**Source data:**
(* The definition of cond_indep only speaks about indicators of X; integrable induction over
   the law of X extends the factorization to integrable functions of X. *)
lemma (in prob_space) cond_indep_integral_eq:
  fixes X :: "'a \<Rightarrow> real" and f :: "real \<Rightarrow> real"
  assumes sf: "sigma_finite_subalgebra M F"
    and ci: "cond_indep M F X borel Z MZ"
    and X: "X \<in> borel_measurable M" and Z: "Z \<in> measurable M MZ" and E: "E \<in> sets MZ"
    and G: "G \<in> sets F"
    and f: "integrable (distr M borel X) f"
  defines "z \<equiv> \<lambda>\<omega>. if Z \<omega> \<in> E then 1 else 0 :: real"
  shows "(\<integral>\<omega>. indicator G \<omega> * real_cond_exp M F z \<omega> * f (X \<omega>) \<partial>M)
       = (\<integral>\<omega>. indicator G \<omega> * (f (X \<omega>) * z \<omega>) \<partial>M)"
  using f
proof (induct rule: integrable_induct)
  interpret sigma_finite_subalgebra M F by fact
  define q where "q = real_cond_exp M F z"
  note X[measurable] Z[measurable] E[measurable]
  have [measurable]: "G \<in> sets M" using G subalg by (auto simp: subalgebra_def)
  have z[measurable]: "z \<in> borel_measurable M" unfolding z_def by measurable
  have q: "AE x in M. 0 \<le> q x \<and> q x \<le> 1"
    unfolding q_def by (rule real_cond_exp_unit_interval[OF sf z]) (auto simp: z_def)
  have integrable_q: "integrable M (\<lambda>\<omega>. indicator G \<omega> * q \<omega> * g \<omega>)"
    if "integrable M g" for g :: "'a \<Rightarrow> real"
    using q by (intro integrable_mult_abs_le_1[OF that]) (auto simp: q_def indicator_def elim!: AE_mp)
  have integrable_z: "integrable M (\<lambda>\<omega>. indicator G \<omega> * (g \<omega> * z \<omega>))"
    if "integrable M g" for g :: "'a \<Rightarrow> real"
    using integrable_mult_abs_le_1[OF that, of "\<lambda>\<omega>. indicator G \<omega> * z \<omega>"]
    by (auto simp: indicator_def z_def mult_ac)
  have integrable_comp: "integrable M (\<lambda>\<omega>. h (X \<omega>))" "h \<in> borel_measurable borel"
    if "integrable (distr M borel X) h" for h :: "real \<Rightarrow> real"
  proof -
    show "h \<in> borel_measurable borel"
      using borel_measurable_integrable[OF that] by (simp cong: measurable_cong_sets)
    then show "integrable M (\<lambda>\<omega>. h (X \<omega>))" using that integrable_distr_eq[OF X] by blast
  qed
  {
    case (base B c)
    then have "B \<in> sets borel" by simp
    from cond_indep_integral_indicator_eq[OF sf ci X Z E this G] show ?case
      by (simp add: z_def indicator_def[of B] of_bool_def mult_ac integral_mult_right_zero)
  }
  {
    case (add f g)
    have f: "integrable M (\<lambda>\<omega>. f (X \<omega>))" and g: "integrable M (\<lambda>\<omega>. g (X \<omega>))"
      using add integrable_comp by auto
    show ?case
      using add(2,4) integrable_q[OF f] integrable_q[OF g] integrable_z[OF f] integrable_z[OF g]
      by (simp add: q_def distrib_left distrib_right)
  }
  {
    case (lim f s)
    have [measurable]: "f \<in> borel_measurable borel" "\<And>i. s i \<in> borel_measurable borel"
      using lim(1,5) integrable_comp by auto
    have bound: "integrable M (\<lambda>\<omega>. 2 * norm (f (X \<omega>)))" using lim(5) integrable_comp by auto
    have "(\<lambda>i. \<integral>\<omega>. indicator G \<omega> * q \<omega> * s i (X \<omega>) \<partial>M)
        \<longlonglongrightarrow> (\<integral>\<omega>. indicator G \<omega> * q \<omega> * f (X \<omega>) \<partial>M)"
    proof (rule integral_dominated_convergence[OF _ _ bound])
      show "AE x in M. (\<lambda>i. indicator G x * q x * s i (X x)) \<longlonglongrightarrow> indicator G x * q x * f (X x)"
        using lim(3) by (auto intro!: tendsto_mult_left)
      show "AE x in M. norm (indicator G x * q x * s i (X x)) \<le> 2 * norm (f (X x))" for i
        using q
      proof eventually_elim
        case (elim x)
        then have "norm (indicator G x * q x * s i (X x)) \<le> norm (s i (X x))"
          by (auto simp: indicator_def abs_mult intro!: mult_left_le_one_le)
        then show ?case using lim(4)[of "X x" i] by simp
      qed
    qed (auto simp: q_def)
    moreover have "(\<lambda>i. \<integral>\<omega>. indicator G \<omega> * (s i (X \<omega>) * z \<omega>) \<partial>M)
        \<longlonglongrightarrow> (\<integral>\<omega>. indicator G \<omega> * (f (X \<omega>) * z \<omega>) \<partial>M)"
    proof (rule integral_dominated_convergence[OF _ _ bound])
      show "AE x in M. (\<lambda>i. indicator G x * (s i (X x) * z x)) \<longlonglongrightarrow> indicator G x * (f (X x) * z x)"
        using lim(3) by (auto intro!: tendsto_mult_left tendsto_mult_right)
      show "AE x in M. norm (indicator G x * (s i (X x) * z x)) \<le> 2 * norm (f (X x))" for i
        using lim(4)[of "X _" i] by (auto simp: indicator_def z_def)
    qed auto
    ultimately show ?case
      using lim(2) by (simp add: q_def LIMSEQ_unique)
  }
qed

**What you should do:** What you return must match the listing exactly, line for line.

**Reply to the task:**
(* The definition of cond_indep only speaks about indicators of X; integrable induction over
   the law of X extends the factorization to integrable functions of X. *)
lemma (in prob_space) cond_indep_integral_eq:
  fixes X :: "'a \<Rightarrow> real" and f :: "real \<Rightarrow> real"
  assumes sf: "sigma_finite_subalgebra M F"
    and ci: "cond_indep M F X borel Z MZ"
    and X: "X \<in> borel_measurable M" and Z: "Z \<in> measurable M MZ" and E: "E \<in> sets MZ"
    and G: "G \<in> sets F"
    and f: "integrable (distr M borel X) f"
  defines "z \<equiv> \<lambda>\<omega>. if Z \<omega> \<in> E then 1 else 0 :: real"
  shows "(\<integral>\<omega>. indicator G \<omega> * real_cond_exp M F z \<omega> * f (X \<omega>) \<partial>M)
       = (\<integral>\<omega>. indicator G \<omega> * (f (X \<omega>) * z \<omega>) \<partial>M)"
  using f
proof (induct rule: integrable_induct)
  interpret sigma_finite_subalgebra M F by fact
  define q where "q = real_cond_exp M F z"
  note X[measurable] Z[measurable] E[measurable]
  have [measurable]: "G \<in> sets M" using G subalg by (auto simp: subalgebra_def)
  have z[measurable]: "z \<in> borel_measurable M" unfolding z_def by measurable
  have q: "AE x in M. 0 \<le> q x \<and> q x \<le> 1"
    unfolding q_def by (rule real_cond_exp_unit_interval[OF sf z]) (auto simp: z_def)
  have integrable_q: "integrable M (\<lambda>\<omega>. indicator G \<omega> * q \<omega> * g \<omega>)"
    if "integrable M g" for g :: "'a \<Rightarrow> real"
    using q by (intro integrable_mult_abs_le_1[OF that]) (auto simp: q_def indicator_def elim!: AE_mp)
  have integrable_z: "integrable M (\<lambda>\<omega>. indicator G \<omega> * (g \<omega> * z \<omega>))"
    if "integrable M g" for g :: "'a \<Rightarrow> real"
    using integrable_mult_abs_le_1[OF that, of "\<lambda>\<omega>. indicator G \<omega> * z \<omega>"]
    by (auto simp: indicator_def z_def mult_ac)
  have integrable_comp: "integrable M (\<lambda>\<omega>. h (X \<omega>))" "h \<in> borel_measurable borel"
    if "integrable (distr M borel X) h" for h :: "real \<Rightarrow> real"
  proof -
    show "h \<in> borel_measurable borel"
      using borel_measurable_integrable[OF that] by (simp cong: measurable_cong_sets)
    then show "integrable M (\<lambda>\<omega>. h (X \<omega>))" using that integrable_distr_eq[OF X] by blast
  qed
  {
    case (base B c)
    then have "B \<in> sets borel" by simp
    from cond_indep_integral_indicator_eq[OF sf ci X Z E this G] show ?case
      by (simp add: z_def indicator_def[of B] of_bool_def mult_ac integral_mult_right_zero)
  }
  {
    case (add f g)
    have f: "integrable M (\<lambda>\<omega>. f (X \<omega>))" and g: "integrable M (\<lambda>\<omega>. g (X \<omega>))"
      using add integrable_comp by auto
    show ?case
      using add(2,4) integrable_q[OF f] integrable_q[OF g] integrable_z[OF f] integrable_z[OF g]
      by (simp add: q_def distrib_left distrib_right)
  }
  {
    case (lim f s)
    have [measurable]: "f \<in> borel_measurable borel" "\<And>i. s i \<in> borel_measurable borel"
      using lim(1,5) integrable_comp by auto
    have bound: "integrable M (\<lambda>\<omega>. 2 * norm (f (X \<omega>)))" using lim(5) integrable_comp by auto
    have "(\<lambda>i. \<integral>\<omega>. indicator G \<omega> * q \<omega> * s i (X \<omega>) \<partial>M)
        \<longlonglongrightarrow> (\<integral>\<omega>. indicator G \<omega> * q \<omega> * f (X \<omega>) \<partial>M)"
    proof (rule integral_dominated_convergence[OF _ _ bound])
      show "AE x in M. (\<lambda>i. indicator G x * q x * s i (X x)) \<longlonglongrightarrow> indicator G x * q x * f (X x)"
        using lim(3) by (auto intro!: tendsto_mult_left)
      show "AE x in M. norm (indicator G x * q x * s i (X x)) \<le> 2 * norm (f (X x))" for i
        using q
      proof eventually_elim
        case (elim x)
        then have "norm (indicator G x * q x * s i (X x)) \<le> norm (s i (X x))"
          by (auto simp: indicator_def abs_mult intro!: mult_left_le_one_le)
        then show ?case using lim(4)[of "X x" i] by simp
      qed
    qed (auto simp: q_def)
    moreover have "(\<lambda>i. \<integral>\<omega>. indicator G \<omega> * (s i (X \<omega>) * z \<omega>) \<partial>M)
        \<longlonglongrightarrow> (\<integral>\<omega>. indicator G \<omega> * (f (X \<omega>) * z \<omega>) \<partial>M)"
    proof (rule integral_dominated_convergence[OF _ _ bound])
      show "AE x in M. (\<lambda>i. indicator G x * (s i (X x) * z x)) \<longlonglongrightarrow> indicator G x * (f (X x) * z x)"
        using lim(3) by (auto intro!: tendsto_mult_left tendsto_mult_right)
      show "AE x in M. norm (indicator G x * (s i (X x) * z x)) \<le> 2 * norm (f (X x))" for i
        using lim(4)[of "X _" i] by (auto simp: indicator_def z_def)
    qed auto
    ultimately show ?case
      using lim(2) by (simp add: q_def LIMSEQ_unique)
  }
qed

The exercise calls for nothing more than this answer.